There are around 200,000 charities across the UK and many have received a financial lifeline during the coronavirus crisis through grants.

Analysis of 360Giving’s Covid-19 Grants Tracker by the JPIMedia Data Unit found over £123m (11,632 grants) in emergency Covid-19 grants has been awarded to more than 9,000 recipients across the UK.

In Preston, nine grants were handed out to some of the city’s charities, totalling just short of £120,000. In Blackpool, 18 grants were handed out to resort charities, totalling more than £220,000.

In South Ribble there were seven grants worth a total of £105,703 and charities in Lancaster received £315,761 over 20 grants.

Dozens of grants have been handed out to charities across the county

In Wyre there were three grants worth a total of £35,570 and Fylde charities received two grants worth a combined £19,805.

Across the whole of the North West, 888 grants received a total of £10,039,768.

A variety of charities across Lancashire benefited from the grants.

Blackpool Carers Centre received three grants worth £36,235. One of those grants was for nearly £30,000 and is for a project to support both carers and their families.

Faye Atherton (below), director of the charity, said: “It will enable carers to stay safe and healthy, stay connected, and to keep their body and mind active.

“It will help meet carers basic needs during the Covid-19 crisis and beyond. The aim is to ensure that carers can continue to provide care whilst also remaining well themselves.”

Faye explained how the pandemic meant the charity’s fundraising for the year had to be scrapped.

She said: “The difficulty early on was that there was no access to traditional fundraising events and activities.

“We have had to cancel all of them for this year and we had predicted they would have raised us around £120,000 so it leaves us with a funding hole. On top of that due to the crisis, demand has been higher than ever before so the alarm bells were ringing.”

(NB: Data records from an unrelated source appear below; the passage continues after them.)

(* Let $n\ge 4$ be an even integer and $k\ge 3$ an integer. Then $\psi(C_n\square P_k)=4$.
   Context: All graphs are finite and connected; $d(u,v)$ is the shortest-path distance. $C_n$ is the cycle on $n$ vertices and $P_k$ the path on $k$ vertices. The cartesian product $G\square H$ has vertex set $V(G)\times V(H)$, with $(g_1,h_1)$ adjacent to $(g_2,h_2)$ iff either $h_1=h_2$ and $g_1g_2\in E(G)$, or $g_1=g_2$ and $h_1h_2\in E(H)$. For an ordered set $Q=\{q_1,\dots,q_l\}$ of vertices, $r(x|Q)=(d(x,q_1),\dots,d(x,q_l))$. $Q$ is a doubly resolving set of $G$ if for any two distinct vertices $x,y$ of $G$, $r(x|Q)-r(y|Q)\neq\lambda(1,\dots,1)$ for every integer $\lambda$. $\psi(G)$ denotes the minimum size of a doubly resolving set of $G$. *)

theory Defs
  imports Main
begin

definition gdist :: "'a set \<Rightarrow> ('a \<Rightarrow> 'a \<Rightarrow> bool) \<Rightarrow> 'a \<Rightarrow> 'a \<Rightarrow> nat" where
  "gdist V E u v = (LEAST m. \<exists>p. length p = Suc m \<and> hd p = u \<and> last p = v \<and>
       set p \<subseteq> V \<and> (\<forall>i<m. E (p ! i) (p ! Suc i)))"

definition cycle_adj :: "nat \<Rightarrow> nat \<Rightarrow> nat \<Rightarrow> bool" where
  "cycle_adj n i j = (i < n \<and> j < n \<and> (j = (i + 1) mod n \<or> i = (j + 1) mod n))"

definition path_adj :: "nat \<Rightarrow> nat \<Rightarrow> nat \<Rightarrow> bool" where
  "path_adj k i j = (i < k \<and> j < k \<and> (j = i + 1 \<or> i = j + 1))"

definition cart_adj :: "('a \<Rightarrow> 'a \<Rightarrow> bool) \<Rightarrow> ('b \<Rightarrow> 'b \<Rightarrow> bool) \<Rightarrow> 'a \<times> 'b \<Rightarrow> 'a \<times> 'b \<Rightarrow> bool" where
  "cart_adj EG EH x y = ((snd x = snd y \<and> EG (fst x) (fst y)) \<or> (fst x = fst y \<and> EH (snd x) (snd y)))"

definition doubly_resolving :: "'a set \<Rightarrow> ('a \<Rightarrow> 'a \<Rightarrow> bool) \<Rightarrow> 'a set \<Rightarrow> bool" where
  "doubly_resolving V E Q = (Q \<subseteq> V \<and> finite Q \<and>
     (\<forall>x\<in>V. \<forall>y\<in>V. x \<noteq> y \<longrightarrow>
        \<not> (\<exists>c::int. \<forall>q\<in>Q. int (gdist V E x q) - int (gdist V E y q) = c)))"

definition psi :: "'a set \<Rightarrow> ('a \<Rightarrow> 'a \<Rightarrow> bool) \<Rightarrow> nat" where
  "psi V E = (LEAST m. \<exists>Q. doubly_resolving V E Q \<and> card Q = m)"

end

theory Submission
  imports Defs
begin

(* Distances in C_n \<box> P_k add up: d((i,a),(j,b)) = d_C(i,j) + |a - b|.
   For n = 2m the landmarks (0,0), (0,k-1), (1,0), (m,0) doubly resolve: the two landmarks of
   column 0 force equal layers, the identity d_C(i,0) + d_C(i,m) = m turns the antipodal pair
   0, m into equal distances to column 0, and column 1 then separates the remaining candidates.
   Conversely, a doubly resolving set must meet both end layers, since otherwise two vertices
   stacked in adjacent layers have all distance differences equal to 1; and three landmarks
   (c1,0), (c2,k-1), (c3,b) never suffice: a reflection of the cycle moves c1 to 0 and c2 into
   0..m, after which an explicit pair of vertices with constant distance differences exists. *)

definition joins :: "'a set \<Rightarrow> ('a \<Rightarrow> 'a \<Rightarrow> bool) \<Rightarrow> 'a \<Rightarrow> 'a \<Rightarrow> nat \<Rightarrow> bool" where
  "joins V E u v m \<longleftrightarrow> (\<exists>p. length p = Suc m \<and> hd p = u \<and> last p = v \<and>
       set p \<subseteq> V \<and> (\<forall>i<m. E (p ! i) (p ! Suc i)))"

lemma gdist_eq_Least_joins: "gdist V E u v = (LEAST m. joins V E u v m)"
  unfolding gdist_def joins_def ..

lemma joins_0: "joins V E u v 0 \<longleftrightarrow> u = v \<and> u \<in> V"
proof
  assume "joins V E u v 0"
  then obtain p where "length p = 1" "hd p = u" "last p = v" "set p \<subseteq> V"
    unfolding joins_def by auto
  then show "u = v \<and> u \<in> V" by (cases p) auto
next
  assume "u = v \<and> u \<in> V"
  then show "joins V E u v 0" unfolding joins_def by (intro exI[of _ "[u]"]) auto
qed

lemma joins_Cons:
  assumes "u \<in> V" "E u w" "joins V E w v m"
  shows "joins V E u v (Suc m)"
proof -
  obtain p where p: "length p = Suc m" "hd p = w" "last p = v" "set p \<subseteq> V"
    "\<forall>i<m. E (p ! i) (p ! Suc i)"
    using assms(3) unfolding joins_def by blast
  have "p ! 0 = w" using p(1,2) by (cases p) auto
  then have "\<forall>i<Suc m. E ((u # p) ! i) ((u # p) ! Suc i)"
    using p(5) assms(2) by (auto simp: less_Suc_eq_0_disj)
  then show ?thesis
    unfolding joins_def using p assms(1) by (intro exI[of _ "u # p"]) auto
qed

lemma joins_SucD:
  assumes "joins V E u v (Suc m)"
  obtains w where "u \<in> V" "E u w" "joins V E w v m"
proof -
  obtain p where p: "length p = Suc (Suc m)" "hd p = u" "last p = v" "set p \<subseteq> V"
    "\<forall>i<Suc m. E (p ! i) (p ! Suc i)"
    using assms unfolding joins_def by blast
  then obtain p' where pp: "p = u # p'" "p' \<noteq> []"
    by (cases p) fastforce+
  have "joins V E (hd p') v m"
    unfolding joins_def using p pp by (intro exI[of _ p']) auto
  moreover have "E u (hd p')"
    using p(5) pp by (auto simp: hd_conv_nth)
  ultimately show ?thesis
    using that p(4) pp by auto
qed

lemma gdist_eqI:
  fixes f :: "'a \<Rightarrow> nat"
  assumes "v \<in> V" "u \<in> V" "f v = 0"
    and descent: "\<And>x. x \<in> V \<Longrightarrow> x \<noteq> v \<Longrightarrow> \<exists>y\<in>V. E x y \<and> f x = Suc (f y)"
    and lipschitz: "\<And>x y. x \<in> V \<Longrightarrow> y \<in> V \<Longrightarrow> E x y \<Longrightarrow> f x \<le> Suc (f y)"
  shows "gdist V E u v = f u"
proof -
  have joins_f: "joins V E x v (f x)" if "x \<in> V" for x
    using that
  proof (induction "f x" arbitrary: x)
    case 0
    then have "x = v" using descent by fastforce
    then show ?case using \<open>v \<in> V\<close> \<open>0 = f x\<close> by (simp add: joins_0)
  next
    case (Suc m)
    then have "x \<noteq> v" using \<open>f v = 0\<close> by auto
    then obtain y where "y \<in> V" "E x y" "f x = Suc (f y)" using descent Suc.prems by blast
    then show ?case using Suc joins_Cons by (metis nat.inject)
  qed
  have f_le: "f x \<le> m" if "joins V E x v m" for x m
    using that
  proof (induction m arbitrary: x)
    case 0
    then show ?case using \<open>f v = 0\<close> by (simp add: joins_0)
  next
    case (Suc m)
    then obtain w where "x \<in> V" "E x w" "joins V E w v m" by (auto elim: joins_SucD)
    moreover from this have "w \<in> V" by (cases m) (auto simp: joins_0 elim: joins_SucD)
    ultimately show ?case using Suc.IH lipschitz by fastforce
  qed
  show ?thesis
    unfolding gdist_eq_Least_joins using joins_f[OF \<open>u \<in> V\<close>] f_le
    by (intro Least_equality) auto
qed

definition path_dist :: "nat \<Rightarrow> nat \<Rightarrow> nat" where
  "path_dist a b = nat \<bar>int a - int b\<bar>"

definition cycle_dist :: "nat \<Rightarrow> nat \<Rightarrow> nat \<Rightarrow> nat" where
  "cycle_dist n i j = min (path_dist i j) (n - path_dist i j)"

lemma path_dist_eq: "a \<le> b \<Longrightarrow> path_dist a b = b - a" "b \<le> a \<Longrightarrow> path_dist a b = a - b"
  unfolding path_dist_def by auto

lemma of_nat_cycle_dist:
  "i < n \<Longrightarrow> j < n \<Longrightarrow> int (cycle_dist n i j) = min \<bar>int i - int j\<bar> (int n - \<bar>int i - int j\<bar>)"
  unfolding cycle_dist_def by (cases "i \<le> j"; simp add: path_dist_eq of_nat_diff min_def; arith)

lemma cycle_adj_iff:
  "cycle_adj n i j \<longleftrightarrow>
     i < n \<and> j < n \<and> (j = i + 1 \<or> i = j + 1 \<or> (i = n - 1 \<and> j = 0) \<or> (j = n - 1 \<and> i = 0))"
proof -
  have "j = (i + 1) mod n \<longleftrightarrow> j = i + 1 \<or> (i = n - 1 \<and> j = 0)" if "i < n" "j < n" for i j
  proof (cases "i + 1 = n")
    case False
    with that have "i + 1 < n" by simp
    then show ?thesis by auto
  qed (use that in auto)
  from this[of i j] this[of j i] show ?thesis unfolding cycle_adj_def
    by (cases "i < n \<and> j < n") auto
qed

lemma cycle_dist_adj_le:
  assumes "cycle_adj n i i'" "j < n"
  shows "cycle_dist n i j \<le> Suc (cycle_dist n i' j)"
proof -
  have "i < n" "i' < n" using assms(1) by (auto simp: cycle_adj_iff)
  with assms have "int (cycle_dist n i j) \<le> int (cycle_dist n i' j) + 1"
    unfolding cycle_adj_iff of_nat_cycle_dist[OF \<open>i < n\<close> \<open>j < n\<close>]
      of_nat_cycle_dist[OF \<open>i' < n\<close> \<open>j < n\<close>]
    by (elim conjE disjE; arith)
  then show ?thesis by simp
qed

lemma cycle_dist_forward: "i \<le> j \<Longrightarrow> 2 * j \<le> n + 2 * i \<Longrightarrow> cycle_dist n i j = j - i"
  unfolding cycle_dist_def by (simp add: path_dist_eq)

lemma cycle_dist_backward: "j \<le> i \<Longrightarrow> 2 * i \<le> n + 2 * j \<Longrightarrow> cycle_dist n i j = i - j"
  unfolding cycle_dist_def by (simp add: path_dist_eq)

lemma cycle_dist_forward_wrap: "i \<le> j \<Longrightarrow> n + 2 * i \<le> 2 * j \<Longrightarrow> cycle_dist n i j = n + i - j"
  unfolding cycle_dist_def by (simp add: path_dist_eq)

lemma cycle_dist_backward_wrap: "j \<le> i \<Longrightarrow> n + 2 * j \<le> 2 * i \<Longrightarrow> cycle_dist n i j = n + j - i"
  unfolding cycle_dist_def by (simp add: path_dist_eq)

lemmas cycle_dist_simps =
  cycle_dist_forward cycle_dist_backward cycle_dist_forward_wrap cycle_dist_backward_wrap

lemma cycle_dist_descent:
  assumes "i < n" "j < n" "i \<noteq> j" "n \<ge> 3"
  shows "\<exists>i'. cycle_adj n i i' \<and> cycle_dist n i j = Suc (cycle_dist n i' j)"
proof -
  consider "i < j" "2 * j \<le> n + 2 * i" | "i < j" "n + 2 * i < 2 * j"
    | "j < i" "2 * i \<le> n + 2 * j" | "j < i" "n + 2 * j < 2 * i"
    using assms(3) by linarith
  then show ?thesis
  proof cases
    case 1
    then show ?thesis using assms
      by (intro exI[of _ "i + 1"]) (simp add: cycle_adj_iff cycle_dist_simps)
  next
    case 2
    then show ?thesis using assms
      by (intro exI[of _ "if i = 0 then n - 1 else i - 1"])
        (auto simp: cycle_adj_iff cycle_dist_simps)
  next
    case 3
    then show ?thesis using assms
      by (intro exI[of _ "i - 1"]) (auto simp: cycle_adj_iff cycle_dist_simps)
  next
    case 4
    then show ?thesis using assms
      by (intro exI[of _ "if i + 1 < n then i + 1 else 0"])
        (auto simp: cycle_adj_iff cycle_dist_simps)
  qed
qed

Faye said the grants offer the charity a lifeline and the people it supports.

She said: “After realising what was happening we quickly altered our services to offer at least the basic of needs. This meant we could help with vulnerable people’s shopping and also allow them to receive some human contact.

“The grants we applied for were approved quickly which meant we could offer a rapid response through our services.”

The charity’s Wyre partner, Carers Trust Fylde Coast, also received £25,000 from the Rank Foundation to cover lost income.

Rosemere Cancer Foundation in Preston received a £25,000 grant from Cumbria Community Foundation to put towards the refurbishment of the Ribblesdale oncology ward at Royal Preston Hospital.

Dan Hill, chief officer at the foundation, said the pandemic has been a struggle for the charity.

He said: “Since March we have seen a drop of around 50 per cent in donations mostly because traditional ways of raising funds through events and the community have been virtually impossible for the last six months.

“We have been trying to ensure the projects we already have are being sustained with the small percentage of money we are receiving. That is why receiving grants is a real lifeline.

“I would dread to think what position we would be in without the grants we have been receiving.”

Dan also explained how charities of all sizes need to receive help as they all play a ‘vital’ service across Lancashire.

He said: “Even the smaller charities provide a vital service for thousands of people across the county.

“Without these organisations the communities would not get the support or help.

“They are critical for lots of people and some may not realise how much charities have been doing for vulnerable people across our cities, towns and villages.”

Another notable grant included £100,000 going to the SafeNet Domestic Abuse Services in Lancaster to be used for a project to support victims and survivors of domestic abuse.

The money came from the National Lottery Community Fund.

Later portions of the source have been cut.